Repeat every line of the material below exactly.

──────

lemma ideal_in_span_Rset:
  assumes p: "p \<in> I" "Poly_Mapping.keys p \<subseteq> mons n M D"
  shows "p \<in> poly_module.span R"
proof -
  have "\<exists>q. Poly_Mapping.keys q \<subseteq> mons n M D - Nset n M lt G D \<and> p - q \<in> poly_module.span R"
  proof (rule exists_standard_remainder[OF monomial_order finite_mons[OF polytope] mons_subset_SMh p(2)])
    fix m assume "m \<in> mons n M D" "m \<notin> mons n M D - Nset n M lt G D"
    then have m: "m \<in> Nset n M lt G D" "m \<in> mons n M D" by auto
    then have g: "\<phi> m \<in> G" "\<phi> m \<noteq> 0" and "ddvd n M (LM n M lt (\<phi> m)) m" using phi by auto
    then obtain t where t: "t \<in> SMh n M" "t + LM n M lt (\<phi> m) = m"
      "sdeg n M t + sdeg n M (LM n M lt (\<phi> m)) = sdeg n M m"
      unfolding ddvd_def by (auto simp: add.commute)
    then have "xmon t * \<phi> m \<in> R" using m(1) unfolding Rset_def by blast
    then show "\<exists>r\<in>R. r \<noteq> 0 \<and> Poly_Mapping.keys r \<subseteq> mons n M D \<and> LM n M lt r = m"
      using xmon_mult_generator[OF g t(1,2) m(2) t(3)] by blast
  qed
  then obtain q where q: "Poly_Mapping.keys q \<subseteq> mons n M D - Nset n M lt G D" "p - q \<in> poly_module.span R"
    by blast
  have "p - q \<in> I" using q(2) span_R_subset_ideal by blast
  then have "p - (p - q) \<in> I" using poly_module.subspace_diff[OF ideal_subspace p(1)] by blast
  then have "q \<in> I" by simp
  then have "q = 0" using q(1) by (intro ideal_eq_0_if_keys_standard) (auto simp: Nset_def)
  then show ?thesis using q(2) by simp
qed

lemma xmon_mult_f_in_span:
  assumes u: "u \<in> mons n M E" and deg: "int E + int d = int D"
  shows "xmon u * f \<in> poly_module.span (R \<union> Bf)"
proof -
  have "Poly_Mapping.keys (xmon u :: hmon \<Rightarrow>\<^sub>0 'k) \<subseteq> mons n M E" using u by (simp add: xmon_def)
  then obtain q where q: "Poly_Mapping.keys q \<subseteq> mons n M E - Nset n M lt G E" "xmon u - q \<in> I"
    using exists_standard_representative by blast
  have "q * f = (\<Sum>s\<in>Poly_Mapping.keys q. smul (Poly_Mapping.lookup q s) (xmon s * f))"
    by (subst poly_as_sum_of_terms) (simp add: sum_distrib_right smul_mult xmon_def)
  also have "\<dots> \<in> poly_module.span Bf"
    using q(1) bset_eq_standard_monomials[OF deg]
    by (intro poly_module.span_sum poly_module.span_scale poly_module.span_base) blast
  finally have "q * f \<in> poly_module.span (R \<union> Bf)" using poly_module.span_mono by blast
  moreover have "(xmon u - q) * f \<in> poly_module.span R"
  proof (rule ideal_in_span_Rset)
    show "(xmon u - q) * f \<in> I"
      using ideal_mult[OF _ q(2), of f] f unfolding hpart_def by (simp add: mult.commute)
    have "Poly_Mapping.keys (xmon u - q) \<subseteq> mons n M E"
      using keys_diff[of "xmon u" q] q(1) u by (auto simp: xmon_def)
    then show "Poly_Mapping.keys ((xmon u - q) * f) \<subseteq> mons n M D"
      using keys_mult_subset_mons[OF _ keys_f] deg by (metis of_nat_add of_nat_eq_iff)
  qed
  then have "(xmon u - q) * f \<in> poly_module.span (R \<union> Bf)" using poly_module.span_mono by blast
  ultimately have "q * f + (xmon u - q) * f \<in> poly_module.span (R \<union> Bf)" by (rule poly_module.span_add)
  then show ?thesis by (simp add: algebra_simps)
qed

lemma keys_MD: "x \<in> MD \<Longrightarrow> Poly_Mapping.keys x \<subseteq> mons n M D"
proof -
  assume "x \<in> MD"
  then obtain u h e where x: "x = xmon u * h" "h \<in> G \<union> {f}" "is_homog e h" "u \<in> SMh n M"
    "snd u + int e = int D" by blast
  have "Poly_Mapping.keys h \<subseteq> SMh n M"
    using x(2) keys_ideal[OF generator_in_ideal] f unfolding hpart_def hring_def by blast
  then have "Poly_Mapping.keys h \<subseteq> mons n M e" using x(3) by (rule keys_subset_mons_if_homog)
  moreover have "Poly_Mapping.keys (xmon u :: hmon \<Rightarrow>\<^sub>0 'k) \<subseteq> mons n M (nat (snd u))"
    using x(4) SMh_snd_nonneg[OF x(4)] by (simp add: xmon_def mons_def)
  moreover have "nat (snd u) + e = D" using x(5) SMh_snd_nonneg[OF x(4)] by linarith
  ultimately show ?thesis using keys_mult_subset_mons x(1) by metis
qed
lemma dilations_mem:
  obtains F :: nat where "F \<ge> 1" "\<And>s. \<rho> ((of_nat p ^ l) powi (int F * s)) 0 \<in> K"
proof -
  define q :: rat where "q = of_nat p ^ l"
  have "q \<noteq> 0" unfolding q_def using p_pos by simp
  obtain F :: nat where "F \<ge> 1" and F:
    "\<And>f :: nat \<Rightarrow> rat^'n^'n. (\<And>i. f i \<in> rho_Gamma \<rho> p l) \<Longrightarrow> (\<And>i j. f (i + j) = f i ** f j) \<Longrightarrow>
       (\<And>i. invertible (f i)) \<Longrightarrow> f F \<in> K"
    using finite_index_uniform_exponent[OF subgroup index_finite] by blast
  have hom: "\<rho> (q ^ (i + j)) 0 = \<rho> (q ^ i) 0 ** \<rho> (q ^ j) 0" for i j
    using \<open>q \<noteq> 0\<close> by (simp add: power_add rho_dilation_mult)
  have inv: "invertible (\<rho> (q ^ i) 0)" for i
    using \<open>q \<noteq> 0\<close> by (simp add: rho_invertible)
  have "\<rho> (q ^ F) 0 \<in> K"
  proof (rule F[of "\<lambda>i. \<rho> (q ^ i) 0"])
    show "\<rho> (q ^ i) 0 \<in> rho_Gamma \<rho> p l" for i
      using rho_Gamma_memI[OF Zp_inv_0, of "int i"] unfolding q_def by simp
  qed (fact hom inv)+
  then have nat_mem: "\<rho> (q ^ (F * n)) 0 \<in> K" for n
    using monoid_hom_multiple_mem[of "\<lambda>i. \<rho> (q ^ i) 0", OF hom inv subgroup] by simp
  have "\<rho> (q powi (int F * s)) 0 \<in> K" for s
  proof (cases "s \<ge> 0")
    case True
    then have "int F * s = int (F * nat s)" by simp
    then show ?thesis using nat_mem[of "nat s"] by (simp only: power_int_of_nat)
  next
    case False
    have "\<rho> (q ^ (F * nat (- s))) 0 ** \<rho> (inverse (q ^ (F * nat (- s)))) 0 = mat 1"
      using \<open>q \<noteq> 0\<close> by (simp add: rho_mult rho_one)
    then have "\<rho> (inverse (q ^ (F * nat (- s)))) 0 \<in> K"
      by (rule mat_subgroup_right_inverse[OF subgroup nat_mem])
    moreover have "int F * s = - int (F * nat (- s))" using False by simp
    then have "q powi (int F * s) = inverse (q ^ (F * nat (- s)))"
      by (simp only: power_int_minus power_int_of_nat)
    ultimately show ?thesis by (simp only:)
  qed
  with \<open>F \<ge> 1\<close> that show ?thesis unfolding q_def by blast
qed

──────

## ANSWER FOR THE TASK
lemma ideal_in_span_Rset:
  assumes p: "p \<in> I" "Poly_Mapping.keys p \<subseteq> mons n M D"
  shows "p \<in> poly_module.span R"
proof -
  have "\<exists>q. Poly_Mapping.keys q \<subseteq> mons n M D - Nset n M lt G D \<and> p - q \<in> poly_module.span R"
  proof (rule exists_standard_remainder[OF monomial_order finite_mons[OF polytope] mons_subset_SMh p(2)])
    fix m assume "m \<in> mons n M D" "m \<notin> mons n M D - Nset n M lt G D"
    then have m: "m \<in> Nset n M lt G D" "m \<in> mons n M D" by auto
    then have g: "\<phi> m \<in> G" "\<phi> m \<noteq> 0" and "ddvd n M (LM n M lt (\<phi> m)) m" using phi by auto
    then obtain t where t: "t \<in> SMh n M" "t + LM n M lt (\<phi> m) = m"
      "sdeg n M t + sdeg n M (LM n M lt (\<phi> m)) = sdeg n M m"
      unfolding ddvd_def by (auto simp: add.commute)
    then have "xmon t * \<phi> m \<in> R" using m(1) unfolding Rset_def by blast
    then show "\<exists>r\<in>R. r \<noteq> 0 \<and> Poly_Mapping.keys r \<subseteq> mons n M D \<and> LM n M lt r = m"
      using xmon_mult_generator[OF g t(1,2) m(2) t(3)] by blast
  qed
  then obtain q where q: "Poly_Mapping.keys q \<subseteq> mons n M D - Nset n M lt G D" "p - q \<in> poly_module.span R"
    by blast
  have "p - q \<in> I" using q(2) span_R_subset_ideal by blast
  then have "p - (p - q) \<in> I" using poly_module.subspace_diff[OF ideal_subspace p(1)] by blast
  then have "q \<in> I" by simp
  then have "q = 0" using q(1) by (intro ideal_eq_0_if_keys_standard) (auto simp: Nset_def)
  then show ?thesis using q(2) by simp
qed

lemma xmon_mult_f_in_span:
  assumes u: "u \<in> mons n M E" and deg: "int E + int d = int D"
  shows "xmon u * f \<in> poly_module.span (R \<union> Bf)"
proof -
  have "Poly_Mapping.keys (xmon u :: hmon \<Rightarrow>\<^sub>0 'k) \<subseteq> mons n M E" using u by (simp add: xmon_def)
  then obtain q where q: "Poly_Mapping.keys q \<subseteq> mons n M E - Nset n M lt G E" "xmon u - q \<in> I"
    using exists_standard_representative by blast
  have "q * f = (\<Sum>s\<in>Poly_Mapping.keys q. smul (Poly_Mapping.lookup q s) (xmon s * f))"
    by (subst poly_as_sum_of_terms) (simp add: sum_distrib_right smul_mult xmon_def)
  also have "\<dots> \<in> poly_module.span Bf"
    using q(1) bset_eq_standard_monomials[OF deg]
    by (intro poly_module.span_sum poly_module.span_scale poly_module.span_base) blast
  finally have "q * f \<in> poly_module.span (R \<union> Bf)" using poly_module.span_mono by blast
  moreover have "(xmon u - q) * f \<in> poly_module.span R"
  proof (rule ideal_in_span_Rset)
    show "(xmon u - q) * f \<in> I"
      using ideal_mult[OF _ q(2), of f] f unfolding hpart_def by (simp add: mult.commute)
    have "Poly_Mapping.keys (xmon u - q) \<subseteq> mons n M E"
      using keys_diff[of "xmon u" q] q(1) u by (auto simp: xmon_def)
    then show "Poly_Mapping.keys ((xmon u - q) * f) \<subseteq> mons n M D"
      using keys_mult_subset_mons[OF _ keys_f] deg by (metis of_nat_add of_nat_eq_iff)
  qed
  then have "(xmon u - q) * f \<in> poly_module.span (R \<union> Bf)" using poly_module.span_mono by blast
  ultimately have "q * f + (xmon u - q) * f \<in> poly_module.span (R \<union> Bf)" by (rule poly_module.span_add)
  then show ?thesis by (simp add: algebra_simps)
qed

lemma keys_MD: "x \<in> MD \<Longrightarrow> Poly_Mapping.keys x \<subseteq> mons n M D"
proof -
  assume "x \<in> MD"
  then obtain u h e where x: "x = xmon u * h" "h \<in> G \<union> {f}" "is_homog e h" "u \<in> SMh n M"
    "snd u + int e = int D" by blast
  have "Poly_Mapping.keys h \<subseteq> SMh n M"
    using x(2) keys_ideal[OF generator_in_ideal] f unfolding hpart_def hring_def by blast
  then have "Poly_Mapping.keys h \<subseteq> mons n M e" using x(3) by (rule keys_subset_mons_if_homog)
  moreover have "Poly_Mapping.keys (xmon u :: hmon \<Rightarrow>\<^sub>0 'k) \<subseteq> mons n M (nat (snd u))"
    using x(4) SMh_snd_nonneg[OF x(4)] by (simp add: xmon_def mons_def)
  moreover have "nat (snd u) + e = D" using x(5) SMh_snd_nonneg[OF x(4)] by linarith
  ultimately show ?thesis using keys_mult_subset_mons x(1) by metis
qed
lemma dilations_mem:
  obtains F :: nat where "F \<ge> 1" "\<And>s. \<rho> ((of_nat p ^ l) powi (int F * s)) 0 \<in> K"
proof -
  define q :: rat where "q = of_nat p ^ l"
  have "q \<noteq> 0" unfolding q_def using p_pos by simp
  obtain F :: nat where "F \<ge> 1" and F:
    "\<And>f :: nat \<Rightarrow> rat^'n^'n. (\<And>i. f i \<in> rho_Gamma \<rho> p l) \<Longrightarrow> (\<And>i j. f (i + j) = f i ** f j) \<Longrightarrow>
       (\<And>i. invertible (f i)) \<Longrightarrow> f F \<in> K"
    using finite_index_uniform_exponent[OF subgroup index_finite] by blast
  have hom: "\<rho> (q ^ (i + j)) 0 = \<rho> (q ^ i) 0 ** \<rho> (q ^ j) 0" for i j
    using \<open>q \<noteq> 0\<close> by (simp add: power_add rho_dilation_mult)
  have inv: "invertible (\<rho> (q ^ i) 0)" for i
    using \<open>q \<noteq> 0\<close> by (simp add: rho_invertible)
  have "\<rho> (q ^ F) 0 \<in> K"
  proof (rule F[of "\<lambda>i. \<rho> (q ^ i) 0"])
    show "\<rho> (q ^ i) 0 \<in> rho_Gamma \<rho> p l" for i
      using rho_Gamma_memI[OF Zp_inv_0, of "int i"] unfolding q_def by simp
  qed (fact hom inv)+
  then have nat_mem: "\<rho> (q ^ (F * n)) 0 \<in> K" for n
    using monoid_hom_multiple_mem[of "\<lambda>i. \<rho> (q ^ i) 0", OF hom inv subgroup] by simp
  have "\<rho> (q powi (int F * s)) 0 \<in> K" for s
  proof (cases "s \<ge> 0")
    case True
    then have "int F * s = int (F * nat s)" by simp
    then show ?thesis using nat_mem[of "nat s"] by (simp only: power_int_of_nat)
  next
    case False
    have "\<rho> (q ^ (F * nat (- s))) 0 ** \<rho> (inverse (q ^ (F * nat (- s)))) 0 = mat 1"
      using \<open>q \<noteq> 0\<close> by (simp add: rho_mult rho_one)
    then have "\<rho> (inverse (q ^ (F * nat (- s)))) 0 \<in> K"
      by (rule mat_subgroup_right_inverse[OF subgroup nat_mem])
    moreover have "int F * s = - int (F * nat (- s))" using False by simp
    then have "q powi (int F * s) = inverse (q ^ (F * nat (- s)))"
      by (simp only: power_int_minus power_int_of_nat)
    ultimately show ?thesis by (simp only:)
  qed
  with \<open>F \<ge> 1\<close> that show ?thesis unfolding q_def by blast
qed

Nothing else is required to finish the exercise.